Kosmos 686
- Mission type: ABM radar target
- COSPAR ID: 1974-074A
- SATCAT no.: 07447

Spacecraft properties
- Spacecraft type: DS-P1-Yu
- Manufacturer: Yuzhnoye
- Launch mass: 400 kilograms (880 lb)

Start of mission
- Launch date: 26 September 1974, 16:34:56 UTC
- Rocket: Kosmos-2I 63SM
- Launch site: Plesetsk 133/1

End of mission
- Decay date: 1 May 1975

Orbital parameters
- Reference system: Geocentric
- Regime: Low Earth
- Perigee altitude: 266 kilometres (165 mi)
- Apogee altitude: 461 kilometres (286 mi)
- Inclination: 70.9 degrees
- Period: 91.8 minutes

= Kosmos 686 =

Soviet satellite (launched 1974)

Kosmos 686 (Космос 686 meaning Cosmos 686), also known as DS-P1-Yu No.72, was a Soviet satellite which was launched in 1974 as part of the Dnepropetrovsk Sputnik programme.
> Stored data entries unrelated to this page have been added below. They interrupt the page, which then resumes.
lemma power_ilog_le: "1 \<le> m \<Longrightarrow> p ^ ilog p m \<le> m"
proof (induction "nat m" arbitrary: m rule: less_induct)
  case less
  show ?case
  proof (cases "m < p")
    case False
    have q: "1 \<le> m div p" "m div p < m" "m div p * p \<le> m"
      using less.prems p2 False zle_div_iff_mult_le[of p 1 m]
      by (auto simp: int_div_less_self zle_div_iff_mult_le[symmetric])
    have "p ^ ilog p m = p ^ ilog p (m div p) * p"
      using ilog_div[of m] False by simp
    also have "\<dots> \<le> m div p * p"
      using less.hyps[of "m div p"] q p2 by (simp add: mult_right_mono)
    finally show ?thesis using q by simp
  qed (use less.prems in \<open>simp add: ilog_less\<close>)
qed

lemma ilog_le_log: "1 \<le> m \<Longrightarrow> real (ilog p m) \<le> log p m"
proof -
  assume m: "1 \<le> m"
  have "real_of_int p ^ ilog p m \<le> m"
    using power_ilog_le[OF m] by (metis of_int_le_iff of_int_power)
  thus ?thesis
    using p2 m by (simp add: le_log_iff powr_realpow)
qed

lemma legendre_sum_mult_add_ge:
  "0 \<le> N \<Longrightarrow> 0 \<le> X \<Longrightarrow> N + legendre_sum p N + legendre_sum p X \<le> legendre_sum p (p * N + X)"
  using legendre_sum_superadd[of "p * N" X] legendre_sum_mult_self[of N] p2 by simp

lemma legendre_sum_mult_add_le:
  assumes N: "0 \<le> N" and M: "0 \<le> p * N + X"
  shows "real_of_int (legendre_sum p (p * N + X))
    \<le> N + legendre_sum p N + X / (p - 1) + 1 + ilog p (p * N + X) + ilog p (- X)"
proof (cases "0 \<le> X")
  case True
  have "legendre_sum p (p * N + X) \<le> N + legendre_sum p N + legendre_sum p X + ilog p (p * N + X)"
    using legendre_sum_add_le[of "p * N" X] legendre_sum_mult_self[OF N] N p2 True by simp
  thus ?thesis using legendre_sum_le[OF True] by simp
next
  case False
  have "legendre_sum p (p * N + X) + legendre_sum p (- X) \<le> N + legendre_sum p N"
    using legendre_sum_superadd[OF M, of "- X"] legendre_sum_mult_self[OF N] False by simp
  moreover have "(- X + 1 - p) / (p - 1) = - (X / (p - 1)) - 1"
    using p2 by (simp add: field_simps)
  ultimately show ?thesis
    using legendre_sum_ge[of "- X"] False by simp
qed

lemma legendre_sum_ge_double:
  assumes r: "1 \<le> r" and X: "(p + 1) * r + 1 - p \<le> X"
  shows "r - 1 + 2 * legendre_sum p (r - 1) - int (ilog p (r - 1)) \<le> legendre_sum p X"
proof -
  have Vr: "legendre_sum p (r - 1) \<le> legendre_sum p r"
    using legendre_sum_mono[of "r - 1" r] r by simp
  consider "p * r + (r - 1) \<le> X" | "p * r \<le> X" "X < p * r + (r - 1)" | "X < p * r"
    by linarith
  thus ?thesis
  proof cases
    case 1
    have "r + legendre_sum p r + legendre_sum p (X - p * r) \<le> legendre_sum p X"
      using legendre_sum_mult_add_ge[of r "X - p * r"] 1 r by simp
    moreover have "legendre_sum p (r - 1) \<le> legendre_sum p (X - p * r)"
      using legendre_sum_mono 1 r by simp
    ultimately show ?thesis using Vr by simp
  next
    case 2
    define c where "c = r - 1 - (X - p * r)"
    have c: "0 \<le> X - p * r" "0 \<le> c" "c < p"
      using 2 X by (auto simp: c_def algebra_simps)
    have "r + legendre_sum p r + legendre_sum p (X - p * r) \<le> legendre_sum p X"
      using legendre_sum_mult_add_ge[of r "X - p * r"] c r by simp
    moreover have "legendre_sum p (r - 1) \<le> legendre_sum p (X - p * r) + int (ilog p (r - 1))"
      using legendre_sum_add_le[OF c(1,2)] legendre_sum_less[OF c(2,3)] by (simp add: c_def)
    ultimately show ?thesis using Vr by simp
  next
    case 3
    have V0: "legendre_sum p (r - 1) = 0"
      using legendre_sum_less 3 X r by (simp add: algebra_simps)
    have "r - 1 + legendre_sum p (r - 1) + legendre_sum p (X - p * (r - 1))
        \<le> legendre_sum p (p * (r - 1) + (X - p * (r - 1)))"
      using 3 X r by (intro legendre_sum_mult_add_ge) (auto simp: algebra_simps)
    thus ?thesis using V0 legendre_sum_nonneg[of "X - p * (r - 1)"] by simp
  qed
qed
lemma wirtinger_Ln:
  assumes "wirtinger_differentiable H" and "\<And>z. H z \<notin> \<real>\<^sub>\<le>\<^sub>0"
  shows "wirtinger_differentiable (\<lambda>z. Ln (H z))"
    "dz (\<lambda>z. Ln (H z)) = (\<lambda>z. dz H z / H z)" "dzb (\<lambda>z. Ln (H z)) = (\<lambda>z. dzb H z / H z)"
proof -
  have "((\<lambda>z. Ln (H z)) has_derivative (\<lambda>h. (dz H z / H z) * h + (dzb H z / H z) * cnj h)) (at z)"
    for z
  proof -
    have "(Ln has_derivative (*) (inverse (H z))) (at (H z))"
      using has_field_derivative_Ln[OF assms(2)] by (simp add: has_field_derivative_def)
    from has_derivative_compose[OF wirtinger_differentiableD[OF assms(1)] this] show ?thesis
      by (rule has_derivative_eq_rhs) (simp add: fun_eq_iff divide_inverse algebra_simps)
  qed
  then show "wirtinger_differentiable (\<lambda>z. Ln (H z))"
    "dz (\<lambda>z. Ln (H z)) = (\<lambda>z. dz H z / H z)" "dzb (\<lambda>z. Ln (H z)) = (\<lambda>z. dzb H z / H z)"
    by (rule wirtinger_differentiableI)+
qed

lemmas wirtinger_rules = wirtinger_const wirtinger_ident wirtinger_cnj_ident wirtinger_add
  wirtinger_diff wirtinger_minus wirtinger_mult wirtinger_power wirtinger_inverse
  wirtinger_divide wirtinger_cnj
It was a 400 kg spacecraft, which was built by the Yuzhnoye Design Bureau, and was used as a radar calibration target for anti-ballistic missile tests.

A Kosmos-2I 63SM carrier rocket was used to launch Kosmos 686 from Site 133/1 of the Plesetsk Cosmodrome. The launch occurred at 16:34:56 UTC on 26 September 1974, and resulted in the satellite successfully reaching low Earth orbit. Upon reaching orbit, the satellite was assigned its Kosmos designation, and received the International Designator 1974-074A. The North American Aerospace Defense Command assigned it the catalogue number 07447.
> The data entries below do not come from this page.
lemma ricci_identity_expansion:
  fixes dH dddf Gm :: tensor3 and dGm :: tensor4 and ddf H :: tensor2 and df :: tensor1
  assumes dH: "\<And>a j k. dH a j k = dddf a j k - (\<Sum>m\<in>UNIV. dGm a m j k * df m + Gm m j k * ddf a m)"
    and ddf: "\<And>a m. ddf a m = H a m + (\<Sum>p\<in>UNIV. Gm p a m * df p)"
    and dddf: "\<And>a b k. dddf a b k = dddf b a k"
    and Gms: "\<And>m a b. Gm m a b = Gm m b a"
  shows "(dH i j k - (\<Sum>m\<in>UNIV. Gm m i j * H m k + Gm m i k * H j m))
       - (dH j i k - (\<Sum>m\<in>UNIV. Gm m j i * H m k + Gm m j k * H i m))
       = - (\<Sum>p\<in>UNIV. (dGm i p j k - dGm j p i k
            + (\<Sum>m\<in>UNIV. Gm m j k * Gm p i m - Gm m i k * Gm p j m)) * df p)"
  unfolding dH ddf UNIV_4 by (simp add: algebra_simps dddf[of j i k] Gms[of _ j i])

lemma covariant_ricci_expansion:
  fixes gg Rc H ddf dRc :: tensor2 and dg dH Gm :: tensor3 and df dlam :: tensor1 and lam mu :: real
  assumes dRc: "\<And>j k. dRc j k = dlam i * gg j k + lam * dg i j k - dH i j k + mu * (ddf i j * df k + df j * ddf i k)"
    and MC: "\<And>j k. dg i j k = (\<Sum>m\<in>UNIV. Gm m i j * gg m k + Gm m i k * gg j m)"
    and ddf: "\<And>a m. ddf a m = H a m + (\<Sum>p\<in>UNIV. Gm p a m * df p)"
    and Rc: "\<And>a b. Rc a b = lam * gg a b - H a b + mu * df a * df b"
  shows "dRc j k - (\<Sum>m\<in>UNIV. Gm m i j * Rc m k + Gm m i k * Rc j m)
       = dlam i * gg j k - (dH i j k - (\<Sum>m\<in>UNIV. Gm m i j * H m k + Gm m i k * H j m))
         + mu * (H i j * df k + df j * H i k)"
  unfolding dRc MC ddf Rc UNIV_4 by (simp add: algebra_simps)

lemma cotton_weyl_identity:
  fixes gg Rc H :: tensor2 and df dtau dlam :: tensor1 and Rv C :: tensor3 and lam mu tau :: real
  assumes qE: "\<And>i j. H i j = lam * gg i j - Rc i j + mu * df i * df j"
    and W: "\<And>i j k. Rv i j k + tau/6 * (gg i k * df j - df i * gg j k)
              + 1/2 * (lam * df i * gg j k - Rc i k * df j + Rc j k * df i - lam * df j * gg i k) = 0"
    and dv: "\<And>i j k. -1/2 * C i j k + 1/12 * (dtau i * gg j k - dtau j * gg i k) = 0"
    and cot: "\<And>i j k. C i j k = dlam i * gg j k - dlam j * gg i k - Rv i j k + mu * (df j * H i k - df i * H j k)"
  shows "(dtau i / 6 - dlam i) * gg j k - (dtau j / 6 - dlam j) * gg i k
     = (- tau/6 + lam/2 - mu * lam) * (df i * gg j k - df j * gg i k)
       + (1/2 + mu) * (df i * Rc j k - df j * Rc i k)"
proof -
  have Rv: "Rv i j k = - (tau/6 * (gg i k * df j - df i * gg j k)
            + 1/2 * (lam * df i * gg j k - Rc i k * df j + Rc j k * df i - lam * df j * gg i k))"
    using W[of i j k] by linarith
  have "-1/2 * (dlam i * gg j k - dlam j * gg i k - Rv i j k + mu * (df j * H i k - df i * H j k))
        + 1/12 * (dtau i * gg j k - dtau j * gg i k) = 0"
    using dv[of i j k] cot[of i j k] by simp
  then have "-1/2 * (dlam i * gg j k - dlam j * gg i k + (tau/6 * (gg i k * df j - df i * gg j k)
            + 1/2 * (lam * df i * gg j k - Rc i k * df j + Rc j k * df i - lam * df j * gg i k))
            + mu * (df j * (lam * gg i k - Rc i k + mu * df i * df k)
                    - df i * (lam * gg j k - Rc j k + mu * df j * df k)))
        + 1/12 * (dtau i * gg j k - dtau j * gg i k) = 0"
    unfolding Rv qE by simp
  then show ?thesis by (simp add: algebra_simps; linarith)
qed

text \<open>Tracing the identity over j, k determines u; this is where \<open>\<beta> \<noteq> 0\<close>, i.e. \<open>\<mu> \<noteq> -1/2\<close>, enters.\<close>

lemma ricci_wedge_gradient:
  fixes gg G Rc :: tensor2 and df v u :: tensor1 and lam tau \<alpha> \<beta> :: real
  assumes GL: "\<And>i k. (\<Sum>j\<in>UNIV. G i j * gg j k) = (if i = k then 1 else 0)"
    and GR: "\<And>i k. (\<Sum>j\<in>UNIV. gg i j * G j k) = (if i = k then 1 else 0)"
    and Gs: "\<And>a b. G a b = G b a" and ggs: "\<And>a b. gg a b = gg b a"
    and v: "\<And>k. v k = (\<Sum>j\<in>UNIV. G k j * df j)"
    and RcV: "\<And>i. (\<Sum>a\<in>UNIV. Rc i a * v a) = lam * df i"
    and tau: "tau = (\<Sum>j\<in>UNIV. \<Sum>k\<in>UNIV. G j k * Rc j k)"
    and E: "\<And>i j k. u i * gg j k - u j * gg i k
              = \<alpha> * (df i * gg j k - df j * gg i k) + \<beta> * (df i * Rc j k - df j * Rc i k)"
    and \<beta>: "\<beta> \<noteq> 0"
  shows "df i * Rc j k - df j * Rc i k = (tau - lam) / 3 * (df i * gg j k - df j * gg i k)"
proof -
  have u: "u a = (\<alpha> + \<beta> * ((tau - lam) / 3)) * df a" for a
  proof -
    have "(\<Sum>j\<in>UNIV. \<Sum>k\<in>UNIV. G j k * (u a * gg j k - u j * gg a k))
        = u a * (\<Sum>j\<in>UNIV. \<Sum>k\<in>UNIV. G j k * gg j k) - (\<Sum>j\<in>UNIV. \<Sum>k\<in>UNIV. G j k * u j * gg a k)"
      unfolding UNIV_4 by (simp add: algebra_simps)
    moreover have "(\<Sum>j\<in>UNIV. \<Sum>k\<in>UNIV. G j k * (\<alpha> * (df a * gg j k - df j * gg a k) + \<beta> * (df a * Rc j k - df j * Rc a k)))
        = \<alpha> * (df a * (\<Sum>j\<in>UNIV. \<Sum>k\<in>UNIV. G j k * gg j k) - (\<Sum>j\<in>UNIV. \<Sum>k\<in>UNIV. G j k * df j * gg a k))
          + \<beta> * (df a * (\<Sum>j\<in>UNIV. \<Sum>k\<in>UNIV. G j k * Rc j k) - (\<Sum>k\<in>UNIV. Rc a k * v k))"
      unfolding v UNIV_4 by (simp add: algebra_simps Gs)
    ultimately have "u a * 4 - u a = \<alpha> * (df a * 4 - df a) + \<beta> * (df a * tau - lam * df a)"
      using E unfolding trace_inverse_metric[OF GL ggs] contract_inverse_metric[OF GR Gs] RcV tau[symmetric]
      by simp
    then show ?thesis by (simp add: field_simps)
  qed
  define A where "A = df i * gg j k - df j * gg i k"
  define B where "B = df i * Rc j k - df j * Rc i k"
  have "u i * gg j k - u j * gg i k = (\<alpha> + \<beta> * ((tau - lam) / 3)) * A"
    unfolding u A_def by (simp add: algebra_simps)
  then have "\<alpha> * A + \<beta> * B = \<alpha> * A + \<beta> * ((tau - lam) / 3) * A"
    using E[of i j k] unfolding A_def[symmetric] B_def[symmetric] by (simp add: algebra_simps)
  then have "\<beta> * B = \<beta> * ((tau - lam) / 3 * A)" by simp
  then show ?thesis using \<beta> unfolding A_def B_def by simp
qed

lemma ricci_rank_one_from_wedge:
  fixes gg Rc :: tensor2 and df v :: tensor1 and lam \<kappa> :: real
  assumes ggs: "\<And>a b. gg a b = gg b a" and Rcs: "\<And>a b. Rc a b = Rc b a"
    and lower: "\<And>p. (\<Sum>l\<in>UNIV. gg p l * v l) = df p"
    and N: "(\<Sum>k\<in>UNIV. df k * v k) = 0"
    and RcV: "\<And>i. (\<Sum>a\<in>UNIV. Rc i a * v a) = lam * df i"
    and E: "\<And>i j k. df i * Rc j k - df j * Rc i k = \<kappa> * (df i * gg j k - df j * gg i k)"
    and nz: "df i0 \<noteq> 0"
  shows "\<kappa> = lam" and "\<exists>\<phi>. \<forall>j k. Rc j k = lam * gg j k + \<phi> * df j * df k"
proof -
  define s where "s k = (Rc i0 k - \<kappa> * gg i0 k) / df i0" for k
  have Rc: "Rc j k = \<kappa> * gg j k + df j * s k" for j k
    using E[of i0 j k] nz unfolding s_def by (simp add: field_simps)
  have "(\<Sum>a\<in>UNIV. Rc a i0 * v a) = \<kappa> * (\<Sum>a\<in>UNIV. gg i0 a * v a) + s i0 * (\<Sum>a\<in>UNIV. df a * v a)"
    unfolding Rc UNIV_4 by (simp add: algebra_simps ggs)
  moreover have "(\<Sum>a\<in>UNIV. Rc a i0 * v a) = lam * df i0" using RcV[of i0] by (simp add: Rcs)
  ultimately have "lam * df i0 = \<kappa> * df i0" using lower N by simp
  then show \<kappa>: "\<kappa> = lam" using nz by simp
  have "df i0 * s k = df k * s i0" for k using Rc[of i0 k] Rc[of k i0] Rcs[of i0 k] ggs[of i0 k] by simp
  then have "s k = s i0 / df i0 * df k" for k using nz by (simp add: field_simps)
  then show "\<exists>\<phi>. \<forall>j k. Rc j k = lam * gg j k + \<phi> * df j * df k"
    using Rc \<kappa> by (metis mult.assoc mult.left_commute)
qed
Kosmos 686 was the seventy-second of seventy nine DS-P1-Yu satellites to be launched, and the sixty-fifth of seventy two to successfully reach orbit. It was operated in an orbit with a perigee of 266 km, an apogee of 461 km, 70.9 degrees of inclination, and an orbital period of 91.8 minutes. It remained in orbit until it decayed and reentered the atmosphere on 1 May 1975.